Odds ratios of low birth weight associated with pollution, smoking, ethnicity, and social class, estimated using 3 different combinations of data. In all cases, the fitted model included pollution, smoking, ethnicity, and social class. Horizontal axis is on the log-scale.

Impact of confounding

Using the register data alone, a logistic regression for low birth weight on pollution exposures, adjusted for individual social class (available for every mother in the register) but not ethnicity or smoking status, gives an odds ratio of 1.15 for a change in NO2 equal to its interquartile range across England and Wales (95% credible interval 1.07 to 1.23). Fitting a similar model (model (3.1)) to the MCS data, adjusting for ethnicity and smoking status, suggests that this apparent association is the result of confounding—that there is no association of low birth weight with NO2 conditionally on ethnicity and smoking. Most studies of low birth weight and pollution have been conducted using birth registers. Our analysis suggests that a misleading result would have arisen given only the UK register, in which we are unable to control for confounding. However, the lack of association with pollution in the MCS may just reflect lack of power, therefore we strengthen our conclusions by combining the MCS and register data under the imputation model.

Benefit of combining the administrative and survey data

The estimated odds ratio for NO2 under the full model (3.1), (3.2) and (3.4), combining the MCS and register data, integrating over the missing individual ethnicity and smoking data in the register is 0.98 (0.91, 1.04), demonstrating an increase in precision compared to the MCS alone. Similar increases in precision are shown for all other covariate effects (Figure 4). Note that the increasing risk of low birth weight with decreasing levels of social class now appears significant (Figure 4, “Combined” result compared to “MCS”). A similar odds ratio for the NO2 effect of 0.97 (0.90, 1.03) is obtained using the outcome data from the register data alone (model 3.2), but controlling for confounding using the imputation model (3.4) (Figure 4).
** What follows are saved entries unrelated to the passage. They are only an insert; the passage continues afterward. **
lemma act_omega_summand:
  assumes S: "S \<in> SIF (length I)"
  shows "act s r (DS I S * dI (CS I S)) =
    (\<Sum>b=1..c. DS (repl I b s r) S * dI (CS (repl I b s r) S) :: 'k::field fa)"
proof -
  let ?Bs = "factor_blocks (length I) S"
  note blocks = factor_blocks_partition[OF S]
  have B_range: "set B \<subseteq> {1..length I}" if "B \<in> set ?Bs" for B
    using that blocks(2) by auto
  have "act s r (prod_list (map (block_factor I) ?Bs)) =
      (\<Sum>b\<in>set (concat ?Bs) \<inter> {1..c}. prod_list (map (block_factor (repl I b s r)) ?Bs) :: 'k fa)"
  proof (rule derivation_prod_list_blocks[where F = "\<lambda>b. block_factor (repl I b s r)",
        OF act_times finite_atLeastAtMost blocks(1)])
    fix B assume B: "B \<in> set ?Bs"
    from factor_blocks_shape[OF S B]
    show "act s r (block_factor I B) = (\<Sum>b\<in>set B \<inter> {1..c}. block_factor (repl I b s r) B)"
    proof (elim disjE exE conjE)
      fix k assume "B = [k]"
      then show ?thesis
        using B_range[OF B] act_block_single[of k] by simp
    next
      fix k l assume "B = [k, l]" "k < l"
      then show ?thesis
        using B_range[OF B] act_block_pair[of k l] by simp
    qed
  next
    fix B b assume B: "B \<in> set ?Bs" and b: "b \<in> {1..c}" "b \<notin> set B"
    have "repl I b s r ! (k - 1) = I ! (k - 1)" if "k \<in> set B" for k
    proof (rule repl_nth_other)
      have "1 \<le> k" "k \<noteq> b"
        using that B_range[OF B] b by auto
      then show "k - 1 \<noteq> b - 1"
        using b(1) by auto
    qed
    then show "block_factor (repl I b s r) B = block_factor I B"
      by (rule block_factor_cong)
  qed
  moreover have "set (concat ?Bs) \<inter> {1..c} = {1..c}"
    using blocks(2) c by auto
  ultimately show ?thesis
    by (simp add: omega_summand_eq_prod_blocks)
qed

lemma act_omega: "act s r (omega I) = (\<Sum>b=1..c. omega (repl I b s r) :: 'k::field fa)"
proof -
  have "act s r (omega I) =
      (\<Sum>S\<in>SIF (length I). fa_const ((-1) ^ ncross S) * act s r (DS I S * dI (CS I S)) :: 'k fa)"
    by (simp add: omega_def fa_smul_eq_const_times fa_mult_eq_times act_sum act_const_times)
  also have "\<dots> = (\<Sum>S\<in>SIF (length I). \<Sum>b=1..c.
      fa_const ((-1) ^ ncross S) * (DS (repl I b s r) S * dI (CS (repl I b s r) S)))"
    by (simp add: act_omega_summand sum_distrib_left)
  also have "\<dots> = (\<Sum>b=1..c. omega (repl I b s r))"
    unfolding omega_def fa_smul_eq_const_times fa_mult_eq_times length_repl by (rule sum.swap)
  finally show ?thesis .
qed

end
(* Let $\omega$ be a primitive cube root of unity and assume $\alpha_1=\alpha_3=\alpha_4$. Let $(y(t),z(t))$ be the unique solution of the system (H), holomorphic near $t=-\omega^2$, with $y(-\omega^2)=-\omega^2$ and $z(-\omega^2)=\frac{2\omega+1}{3}\alpha_2$. Then $$y(t)=-\omega^2+(1-\alpha_0)(t+\omega^2)+\tfrac{1+2\omega}{3}\alpha_0(1-\alpha_0)(t+\omega^2)^2+O((t+\omega^2)^3),\quad z(t)=\tfrac{2\omega+1}{3}\alpha_2-\tfrac{\alpha_2}{3}(1-\alpha_0)(t+\omega^2)+O((t+\omega^2)^2),$$ and this solution is invariant under $\sigma_2\circ\sigma_1$: $$y\Big(\frac1{1-t}\Big)=\frac{1}{1-y(t)},\qquad z\Big(\frac1{1-t}\Big)=-(1-y(t))\big\{-z(t)(1-y(t))+\alpha_2\big\}.$$
   Context: Fix complex parameters $\alpha_0,\dots,\alpha_4$ with $\alpha_0+\alpha_1+2\alpha_2+\alpha_3+\alpha_4=1$. The system (H) is $$t(t-1)\frac{dy}{dt}=2y(y-1)(y-t)z-(\alpha_0-1)y(y-1)-\alpha_3y(y-t)-\alpha_4(y-1)(y-t),$$ $$t(t-1)\frac{dz}{dt}=-\big(y(y-1)+(y-1)(y-t)+y(y-t)\big)z^2+\big((2y-1)(\alpha_0-1)+(2y-t)\alpha_3+(2y-t-1)\alpha_4\big)z-(\alpha_1+\alpha_2)\alpha_2.$$ The transformation $\sigma_2\circ\sigma_1$ is $t\mapsto\frac1{1-t}$, $y\mapsto\frac1{1-y}$, $z\mapsto-(1-y)(-z(1-y)+\alpha_2)$, with parameters $(\alpha_1,\alpha_3,\alpha_4)$ permuted cyclically; when $\alpha_1=\alpha_3=\alpha_4$ it maps solutions of (H) to solutions of (H). *)

theory Defs
  imports "HOL-Analysis.Analysis" "HOL-Library.Landau_Symbols"
begin

text \<open>Right-hand side of the first equation of system (H):
  t(t-1) dy/dt = Hy a0 a3 a4 t y z.\<close>
definition Hy :: "complex \<Rightarrow> complex \<Rightarrow> complex \<Rightarrow> complex \<Rightarrow> complex \<Rightarrow> complex \<Rightarrow> complex" where
  "Hy a0 a3 a4 t y z =
     2 * y * (y - 1) * (y - t) * z - (a0 - 1) * y * (y - 1) - a3 * y * (y - t)
     - a4 * (y - 1) * (y - t)"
This suggests that the main role of the MCS is to inform the imputation model, while the model of interest is dominated by the register data. For SO2, the odds ratio from the combined data is 1.02 (0.98, 1.05). Thus, the evidence for lack of an association of either pollutant with low birth weight has been strengthened by combining the register and survey data. The posterior distribution of the deviance ( − 2× log-likelihood) was calculated for the MCS and register outcomes separately in the model which combined the two, as a measure of model fit. The posterior mean deviances for the MCS and register were 6288 and 25 130, respectively (standard deviations 11 and 57), demonstrating a good fit, comparing with expected deviances for a saturated model of 13 131 and 56 525 respectively (the number of observations in the data).
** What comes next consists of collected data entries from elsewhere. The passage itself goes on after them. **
(* Let $n,m>3$ be integers and let $\psi$ be an automorphism of $\mathcal{CSR}(m,n)$. Then there is a permutation $\sigma$ of $[m]$ such that for all distinct $a,b\in[m]$, $\psi$ maps the parts of $\mathcal{P}_{ab}$ onto the parts of $\mathcal{P}_{\sigma(a)\sigma(b)}$, i.e. $\psi(\mathcal{P}_{ab})=\mathcal{P}_{\sigma(a)\sigma(b)}$.
   Context: For positive integers $m,n$, the cyclic simplicial rook graph $\mathcal{CSR}(m,n)$ is the graph whose vertices are the vectors $(a_1,\dots,a_m)\in\mathbb{Z}_n^m$ with $a_1+\cdots+a_m\equiv 0 \pmod n$, two vertices being adjacent if and only if their vectors differ in exactly two coordinates. $[m]=\{1,\dots,m\}$; $e_i\in\mathbb{Z}_n^m$ is the vector with $1$ in coordinate $i$ and $0$ elsewhere; for distinct $a,b\in[m]$, $S_{ab}=\{\alpha(e_a-e_b)\mid \alpha\in\mathbb{Z}_n\}$ (note $S_{ab}=S_{ba}$), $x+A=\{x+y\mid y\in A\}$, and $\mathcal{P}_{ab}=\{\xi+S_{ab}\mid \xi \text{ a vertex of } \mathcal{CSR}(m,n)\}$, which is a partition of the vertex set. $\psi(\mathcal{P}_{ab})$ denotes $\{\psi(P)\mid P\in\mathcal{P}_{ab}\}$. *)

theory Defs
  imports Main
begin

text \<open>Vectors in Z_n^m are modelled as functions nat => nat, with coordinates
  indexed by [m] = {1..m}, entries in {0..<n}, and value 0 outside [m].\<close>

definition zvecs :: "nat \<Rightarrow> nat \<Rightarrow> (nat \<Rightarrow> nat) set" where
  "zvecs m n = {x. (\<forall>i\<in>{1..m}. x i < n) \<and> (\<forall>i. i \<notin> {1..m} \<longrightarrow> x i = 0)}"

definition csr_vertices :: "nat \<Rightarrow> nat \<Rightarrow> (nat \<Rightarrow> nat) set" where
  "csr_vertices m n = {x \<in> zvecs m n. (\<Sum>i\<in>{1..m}. x i) mod n = 0}"

definition csr_adj :: "nat \<Rightarrow> (nat \<Rightarrow> nat) \<Rightarrow> (nat \<Rightarrow> nat) \<Rightarrow> bool" where
  "csr_adj m x y \<longleftrightarrow> card {i \<in> {1..m}. x i \<noteq> y i} = 2"

definition csr_aut :: "nat \<Rightarrow> nat \<Rightarrow> ((nat \<Rightarrow> nat) \<Rightarrow> (nat \<Rightarrow> nat)) \<Rightarrow> bool" where
  "csr_aut m n \<psi> \<longleftrightarrow> bij_betw \<psi> (csr_vertices m n) (csr_vertices m n) \<and>
     (\<forall>x\<in>csr_vertices m n. \<forall>y\<in>csr_vertices m n. csr_adj m x y \<longleftrightarrow> csr_adj m (\<psi> x) (\<psi> y))"

definition zadd :: "nat \<Rightarrow> (nat \<Rightarrow> nat) \<Rightarrow> (nat \<Rightarrow> nat) \<Rightarrow> (nat \<Rightarrow> nat)" where
  "zadd n x y = (\<lambda>i. (x i + y i) mod n)"

definition zneg :: "nat \<Rightarrow> (nat \<Rightarrow> nat) \<Rightarrow> (nat \<Rightarrow> nat)" where
  "zneg n x = (\<lambda>i. (n - x i mod n) mod n)"

definition zsmul :: "nat \<Rightarrow> nat \<Rightarrow> (nat \<Rightarrow> nat) \<Rightarrow> (nat \<Rightarrow> nat)" where
  "zsmul n \<alpha> x = (\<lambda>i. (\<alpha> * x i) mod n)"

definition unitvec :: "nat \<Rightarrow> (nat \<Rightarrow> nat)" where
  "unitvec a = (\<lambda>i. if i = a then 1 else 0)"

definition S_set :: "nat \<Rightarrow> nat \<Rightarrow> nat \<Rightarrow> (nat \<Rightarrow> nat) set" where
  "S_set n a b = {zsmul n \<alpha> (zadd n (unitvec a) (zneg n (unitvec b))) | \<alpha>. \<alpha> < n}"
Impact of selection bias and data inconsistency

When the differential selection and cluster sampling of the MCS are not accounted for, so that μ is replaced by a constant μ in (3.1) and the random effects U and U are removed, the combined model yields an odds ratio of 1.00 (0.94, 1.06) for NO2, implying that the effect of selection bias would not have been great if the sampling design of the MCS had been ignored. An additional model was fitted to the MCS data which ignored confounding by smoking and ethnicity. The estimated odds ratios are similar to those obtained from the same model fitted to the register data alone (first row of Table 3, supplementary material, available at Biostatistics online), but with wider credible intervals. The consistency between the MCS and the population register results suggests that the selection and nonresponse mechanisms in the MCS do not bias the association between pollution and low birth weight. A further model was fitted to the combined data and the MCS alone, excluding social class as a predictor of low birth weight. In both cases, the posterior mean odds ratios and credible limits for NO2 and SO2 (not presented) were less than 1% different from those obtained from the model including social class, suggesting that the poor quality of the social class data from the register (discussed in Section 2.5) did not affect the conclusions.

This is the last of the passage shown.